---- Data for this exercise

lemma prob_smallest_minimizer_far_le:
  fixes Q :: "'s measure" and P :: "'w measure"
    and h :: "'s \<Rightarrow> real \<Rightarrow> real" and X :: "nat \<Rightarrow> 'w \<Rightarrow> 's" and mhat :: "nat \<Rightarrow> 'w \<Rightarrow> real"
  assumes h_conv: "\<And>x. x \<in> space Q \<Longrightarrow> convex_on UNIV (h x)"
    and Dplus_meas: "\<And>t. (\<lambda>x. Dplus (h x) t) \<in> borel_measurable Q"
    and P: "prob_space P"
    and X_meas: "\<And>i. X i \<in> measurable P Q"
    and mhat_min: "\<And>\<omega>. \<omega> \<in> space P \<Longrightarrow> smallest_minimizer (Memp h t0 X n \<omega>) (mhat n \<omega>)"
    and n: "n \<ge> 1"
  shows "measure P {\<omega>\<in>space P. \<epsilon> < \<bar>mhat n \<omega> - m\<bar>}
    \<le> measure P {\<omega>\<in>space P. (\<Sum>i<n. Dplus (h (X i \<omega>)) (m + \<epsilon>)) \<le> 0}
      + measure P {\<omega>\<in>space P. (\<Sum>i<n. - Dplus (h (X i \<omega>)) (m - \<epsilon>)) \<le> 0}"
    (is "_ \<le> measure P ?Sp + measure P ?Sm")
proof -
  interpret P: prob_space P by (rule P)
  have sum_meas: "(\<lambda>\<omega>. \<Sum>i<n. g (X i \<omega>)) \<in> borel_measurable P"
    if "g \<in> borel_measurable Q" for g :: "'s \<Rightarrow> real"
    using measurable_comp[OF X_meas that]
    by (intro borel_measurable_sum[where f = "\<lambda>i \<omega>. g (X i \<omega>)"]) (simp add: comp_def)
  have S_meas: "?Sp \<in> sets P" "?Sm \<in> sets P"
    using sum_meas[OF Dplus_meas] sum_meas[OF borel_measurable_uminus[OF Dplus_meas]]
    by measurable
  have "{\<omega>\<in>space P. \<epsilon> < \<bar>mhat n \<omega> - m\<bar>} \<subseteq> ?Sp \<union> ?Sm"
  proof
    fix \<omega> assume "\<omega> \<in> {\<omega>\<in>space P. \<epsilon> < \<bar>mhat n \<omega> - m\<bar>}"
    then have \<omega>: "\<omega> \<in> space P" and far: "\<epsilon> < \<bar>mhat n \<omega> - m\<bar>" by auto
    have "convex_on UNIV (h (X i \<omega>))" for i
      using h_conv measurable_space[OF X_meas \<omega>] by blast
    from minimizer_far_imp_Dplus_sum_sign[OF this
        smallest_minimizer_Memp_imp_minimizer_sum[OF mhat_min[OF \<omega>] n] far]
    show "\<omega> \<in> ?Sp \<union> ?Sm" using \<omega> by (auto simp: sum_negf)
  qed
  then have "measure P {\<omega>\<in>space P. \<epsilon> < \<bar>mhat n \<omega> - m\<bar>} \<le> measure P (?Sp \<union> ?Sm)"
    using S_meas by (intro P.finite_measure_mono) auto
  also have "\<dots> \<le> measure P ?Sp + measure P ?Sm"
    using S_meas by (rule measure_Un_le)
  finally show ?thesis .
qed

lemma prob_smallest_minimizer_far_exp_decay:
  fixes Q :: "'s measure" and P :: "'w measure"
    and h :: "'s \<Rightarrow> real \<Rightarrow> real" and X :: "nat \<Rightarrow> 'w \<Rightarrow> 's" and mhat :: "nat \<Rightarrow> 'w \<Rightarrow> real"
  assumes h_meas: "\<And>t. (\<lambda>x. h x t) \<in> borel_measurable Q"
    and h_conv: "\<And>x. x \<in> space Q \<Longrightarrow> convex_on UNIV (h x)"
    and Dplus_int: "\<And>t. integrable Q (\<lambda>x. Dplus (h x) t)"
    and P: "prob_space P"
    and X_meas: "\<And>i. X i \<in> measurable P Q"
    and X_indep: "prob_space.indep_vars P (\<lambda>_. Q) X UNIV"
    and X_law: "\<And>i. distr P Q (X i) = Q"
    and mhat_min: "\<And>n \<omega>. n \<ge> 1 \<Longrightarrow> \<omega> \<in> space P \<Longrightarrow> smallest_minimizer (Memp h t0 X n \<omega>) (mhat n \<omega>)"
    and m_unique: "\<And>t. t \<noteq> m \<Longrightarrow> Mpop Q h t0 m < Mpop Q h t0 t"
    and B: "\<And>x. x \<noteq> 0 \<Longrightarrow> \<exists>a b. a < b \<and>
              (AE \<omega> in P. a \<le> Dplus (h (X 0 \<omega>)) (m + x) \<and> Dplus (h (X 0 \<omega>)) (m + x) \<le> b)"
    and "0 < \<epsilon>"
  shows "\<exists>c>0. \<forall>n\<ge>1. measure P {\<omega>\<in>space P. \<epsilon> < \<bar>mhat n \<omega> - m\<bar>} \<le> 2 * exp (- c * real n)"
proof -
  note iid_decay = iid_sum_nonpos_prob_exp_decay[OF P X_meas X_indep X_law]
  note Dplus_sign = integral_Dplus_sign_at_strict_minimizer[OF h_meas h_conv Dplus_int m_unique]
  have Dplus_meas: "(\<lambda>x. Dplus (h x) t) \<in> borel_measurable Q" for t
    using Dplus_int by auto
  obtain cp where cp: "0 < cp" "\<And>n. n \<ge> 1 \<Longrightarrow>
      measure P {\<omega>\<in>space P. (\<Sum>i<n. Dplus (h (X i \<omega>)) (m + \<epsilon>)) \<le> 0} \<le> exp (- cp * real n)"
    using iid_decay[OF Dplus_meas] B[of \<epsilon>] Dplus_sign(1)[of "m + \<epsilon>"] \<open>0 < \<epsilon>\<close> by auto
  obtain cm where cm: "0 < cm" "\<And>n. n \<ge> 1 \<Longrightarrow>
      measure P {\<omega>\<in>space P. (\<Sum>i<n. - Dplus (h (X i \<omega>)) (m - \<epsilon>)) \<le> 0} \<le> exp (- cm * real n)"
  proof -
    obtain a b where "a < b"
      and "AE \<omega> in P. a \<le> Dplus (h (X 0 \<omega>)) (m - \<epsilon>) \<and> Dplus (h (X 0 \<omega>)) (m - \<epsilon>) \<le> b"
      using B[of "- \<epsilon>"] \<open>0 < \<epsilon>\<close> by auto
    then have "- b < - a"
      and "AE \<omega> in P. - b \<le> - Dplus (h (X 0 \<omega>)) (m - \<epsilon>) \<and> - Dplus (h (X 0 \<omega>)) (m - \<epsilon>) \<le> - a"
      by (auto elim: eventually_mono)
    then have "\<exists>a b. a < b \<and> (AE \<omega> in P. a \<le> - Dplus (h (X 0 \<omega>)) (m - \<epsilon>)
        \<and> - Dplus (h (X 0 \<omega>)) (m - \<epsilon>) \<le> b)"
      by blast
    moreover have "0 < (\<integral>x. - Dplus (h x) (m - \<epsilon>) \<partial>Q)"
      using Dplus_sign(2)[of "m - \<epsilon>"] \<open>0 < \<epsilon>\<close> by simp
    ultimately show ?thesis using iid_decay[OF borel_measurable_uminus[OF Dplus_meas]] that by blast
  qed
  show ?thesis
  proof (intro exI conjI allI impI)
    show "0 < min cp cm" using cp cm by simp
    fix n :: nat assume n: "n \<ge> 1"
    have "exp (- cp * real n) \<le> exp (- min cp cm * real n)"
      and "exp (- cm * real n) \<le> exp (- min cp cm * real n)"
      by (simp_all add: mult_right_mono)
    with prob_smallest_minimizer_far_le[where mhat = mhat and \<epsilon> = \<epsilon> and m = m,
        OF h_conv Dplus_meas P X_meas mhat_min[OF n] n]
      cp(2)[OF n] cm(2)[OF n]
    show "measure P {\<omega>\<in>space P. \<epsilon> < \<bar>mhat n \<omega> - m\<bar>} \<le> 2 * exp (- min cp cm * real n)"
      by linarith
  qed
qed

lemma suminf_indicator_infinite_eq_top:
  fixes f :: "nat \<Rightarrow> ennreal"
  assumes "infinite S" and "\<And>n. n \<in> S \<Longrightarrow> 1 \<le> f n"
  shows "(\<Sum>n. f n * indicator S n) = \<infinity>"
proof -
  have "\<infinity> = emeasure (count_space UNIV) S"
    using assms(1) by (simp add: emeasure_count_space_infinite)
  also have "\<dots> = (\<Sum>n. indicator S n)"
    by (simp flip: nn_integral_count_space_nat)
  also have "\<dots> \<le> (\<Sum>n. f n * indicator S n)"
    using assms(2) by (intro suminf_le) (auto simp: indicator_def)
  finally show ?thesis by (simp add: top_unique)
qed

lemma enat_powr_last_exit_le_suminf:
  fixes s :: "nat \<Rightarrow> real" and r :: real
  assumes r: "0 \<le> r"
  shows "enat_powr (last_exit s m \<epsilon>) r \<le>
    (\<Sum>n. ennreal (real n powr r) * indicator {k. 1 \<le> k \<and> \<epsilon> < \<bar>s k - m\<bar>} n)"
    (is "_ \<le> ?R")
proof -
  define S where "S = {k. 1 \<le> k \<and> \<epsilon> < \<bar>s k - m\<bar>}"
  have last_exit_eq: "last_exit s m \<epsilon> = Sup (enat ` S)"
    unfolding last_exit_def S_def by (simp add: image_Collect)
  consider "S = {}" | "finite S" "S \<noteq> {}" | "infinite S" by blast
  then show ?thesis
  proof cases
    case 1
    then show ?thesis by (simp add: last_exit_eq enat_powr_def zero_enat_def bot_enat_def)
  next
    case 2
    then have "Max (enat ` S) \<in> enat ` S" by (intro Max_in) auto
    then obtain k where k: "k \<in> S" "Max (enat ` S) = enat k" by auto
    then have "enat_powr (last_exit s m \<epsilon>) r = (\<Sum>n\<in>{k}. ennreal (real n powr r) * indicator S n)"
      using 2 by (simp add: last_exit_eq Sup_enat_def enat_powr_def)
    also have "\<dots> \<le> ?R"
      unfolding S_def by (rule sum_le_suminf) auto
    finally show ?thesis .
  next
    case 3
    then have "last_exit s m \<epsilon> = \<infinity>"
      using finite_imageD[of enat S] by (auto simp: last_exit_eq Sup_enat_def inj_on_def)
    moreover have "?R = \<infinity>"
      unfolding S_def[symmetric] using 3 r
      by (intro suminf_indicator_infinite_eq_top) (auto simp: S_def ge_one_powr_ge_zero)
    ultimately show ?thesis by simp
  qed
qed

lemma nn_integral_last_exit_powr_finite:
  fixes P :: "'w measure" and s :: "nat \<Rightarrow> 'w \<Rightarrow> real"
  assumes P: "finite_measure P" and r: "0 \<le> r"
    and s_meas: "\<And>n. n \<ge> 1 \<Longrightarrow> s n \<in> borel_measurable P"
    and summable: "summable (\<lambda>n. real n powr r * measure P {\<omega>\<in>space P. \<epsilon> < \<bar>s n \<omega> - m\<bar>})"
  shows "(\<integral>\<^sup>+ \<omega>. enat_powr (last_exit (\<lambda>k. s k \<omega>) m \<epsilon>) r \<partial>P) < \<infinity>"
proof -
  interpret finite_measure P by (rule P)
  define A where "A n = {\<omega>\<in>space P. 1 \<le> n \<and> \<epsilon> < \<bar>s n \<omega> - m\<bar>}" for n
  have A_meas: "A n \<in> sets P" for n
    using s_meas[of n] unfolding A_def by (cases "n \<ge> 1") auto
  \<comment> \<open>the term \<open>n = 0\<close> vanishes on both sides, as \<open>0 powr r = 0\<close>\<close>
  have A_terms: "real n powr r * measure P (A n)
      = real n powr r * measure P {\<omega>\<in>space P. \<epsilon> < \<bar>s n \<omega> - m\<bar>}" for n
    unfolding A_def by (cases "n \<ge> 1") auto
  have "(\<integral>\<^sup>+ \<omega>. enat_powr (last_exit (\<lambda>k. s k \<omega>) m \<epsilon>) r \<partial>P)
      \<le> (\<integral>\<^sup>+ \<omega>. (\<Sum>n. ennreal (real n powr r) * indicator (A n) \<omega>) \<partial>P)"
  proof (rule nn_integral_mono)
    fix \<omega> assume "\<omega> \<in> space P"
    then have "indicator {k. 1 \<le> k \<and> \<epsilon> < \<bar>s k \<omega> - m\<bar>} n = (indicator (A n) \<omega> :: ennreal)" for n
      unfolding A_def by (simp add: indicator_def)
    then show "enat_powr (last_exit (\<lambda>k. s k \<omega>) m \<epsilon>) r
        \<le> (\<Sum>n. ennreal (real n powr r) * indicator (A n) \<omega>)"
      using enat_powr_last_exit_le_suminf[OF r, of "\<lambda>k. s k \<omega>" m \<epsilon>] by simp
  qed
  also have "\<dots> = (\<Sum>n. ennreal (real n powr r) * emeasure P (A n))"
    using A_meas by (simp add: nn_integral_suminf nn_integral_cmult_indicator)
  also have "\<dots> = (\<Sum>n. ennreal (real n powr r * measure P (A n)))"
    by (simp add: emeasure_eq_measure ennreal_mult)
  also have "\<dots> = ennreal (\<Sum>n. real n powr r * measure P (A n))"
    using summable by (intro suminf_ennreal2) (simp_all add: A_terms)
  also have "\<dots> < \<infinity>" by simp
  finally show ?thesis .
qed

lemma summable_real_powr_mult_exp:
  fixes r c :: real
  assumes "0 < c"
  shows "summable (\<lambda>n. real n powr r * exp (- c * real n))"
proof (rule summable_comparison_test_bigo)
  show "summable (\<lambda>n. norm (real n powr (-2)))"
    using summable_real_powr_iff[of "-2"] by simp
  show "(\<lambda>n. real n powr r * exp (- c * real n)) \<in> O(\<lambda>n. real n powr (-2))"
    using assms by real_asymp
qed

theorem corollary3:
  fixes Q :: "'s measure" and P :: "'w measure"
    and h :: "'s \<Rightarrow> real \<Rightarrow> real" and t0 m :: real
    and X :: "nat \<Rightarrow> 'w \<Rightarrow> 's" and mhat :: "nat \<Rightarrow> 'w \<Rightarrow> real"
  assumes Q: "prob_space Q"
    and h_meas: "\<And>t. (\<lambda>x. h x t) \<in> borel_measurable Q"
    and h_conv: "\<And>x. x \<in> space Q \<Longrightarrow> convex_on UNIV (h x)"
    and Dplus_int: "\<And>t. integrable Q (\<lambda>x. Dplus (h x) t)"
    and Dminus_int: "\<And>t. integrable Q (\<lambda>x. Dminus (h x) t)"
    and P: "prob_space P"
    and X_meas: "\<And>i. X i \<in> measurable P Q"
    and X_indep: "prob_space.indep_vars P (\<lambda>_. Q) X UNIV"
    and X_law: "\<And>i. distr P Q (X i) = Q"
    and mhat_min: "\<And>n \<omega>. n \<ge> 1 \<Longrightarrow> \<omega> \<in> space P \<Longrightarrow> smallest_minimizer (Memp h t0 X n \<omega>) (mhat n \<omega>)"
    and mhat_meas: "\<And>n. n \<ge> 1 \<Longrightarrow> mhat n \<in> borel_measurable P"
    and m_unique: "\<And>t. t \<noteq> m \<Longrightarrow> Mpop Q h t0 m < Mpop Q h t0 t"
    and B: "\<And>x. x \<noteq> 0 \<Longrightarrow> \<exists>a b. a < b \<and>
              (AE \<omega> in P. a \<le> Dplus (h (X 0 \<omega>)) (m + x) \<and> Dplus (h (X 0 \<omega>)) (m + x) \<le> b)"
  shows "\<forall>\<epsilon>>0. \<forall>r>0. (\<integral>\<^sup>+ \<omega>. enat_powr (last_exit (\<lambda>k. mhat k \<omega>) m \<epsilon>) r \<partial>P) < \<infinity>"
proof (intro allI impI)
  fix \<epsilon> r :: real assume "0 < \<epsilon>" and "0 < r"
  interpret P: prob_space P by (rule P)
  obtain c where c: "0 < c"
    and decay: "\<And>n. n \<ge> 1 \<Longrightarrow> measure P {\<omega>\<in>space P. \<epsilon> < \<bar>mhat n \<omega> - m\<bar>} \<le> 2 * exp (- c * real n)"
    using prob_smallest_minimizer_far_exp_decay[OF h_meas h_conv Dplus_int P X_meas X_indep X_law
        mhat_min m_unique B \<open>0 < \<epsilon>\<close>] by blast
  have "summable (\<lambda>n. real n powr r * measure P {\<omega>\<in>space P. \<epsilon> < \<bar>mhat n \<omega> - m\<bar>})"
  proof (rule summable_comparison_test')
    show "summable (\<lambda>n. 2 * (real n powr r * exp (- c * real n)))"
      using summable_real_powr_mult_exp[OF c] by (rule summable_mult)
    show "norm (real n powr r * measure P {\<omega>\<in>space P. \<epsilon> < \<bar>mhat n \<omega> - m\<bar>})
        \<le> 2 * (real n powr r * exp (- c * real n))" if "1 \<le> n" for n
      using mult_left_mono[OF decay[OF that], of "real n powr r"] by simp
  qed
  with \<open>0 < r\<close> show "(\<integral>\<^sup>+ \<omega>. enat_powr (last_exit (\<lambda>k. mhat k \<omega>) m \<epsilon>) r \<partial>P) < \<infinity>"
    by (intro nn_integral_last_exit_powr_finite[OF P.finite_measure_axioms _ mhat_meas]) auto
qed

--------

If a line in the data above holds the string "finally", report that line.

## Answer to the exercise
  finally show ?thesis .
  finally show ?thesis by (simp add: top_unique)
    finally show ?thesis .
  finally show ?thesis .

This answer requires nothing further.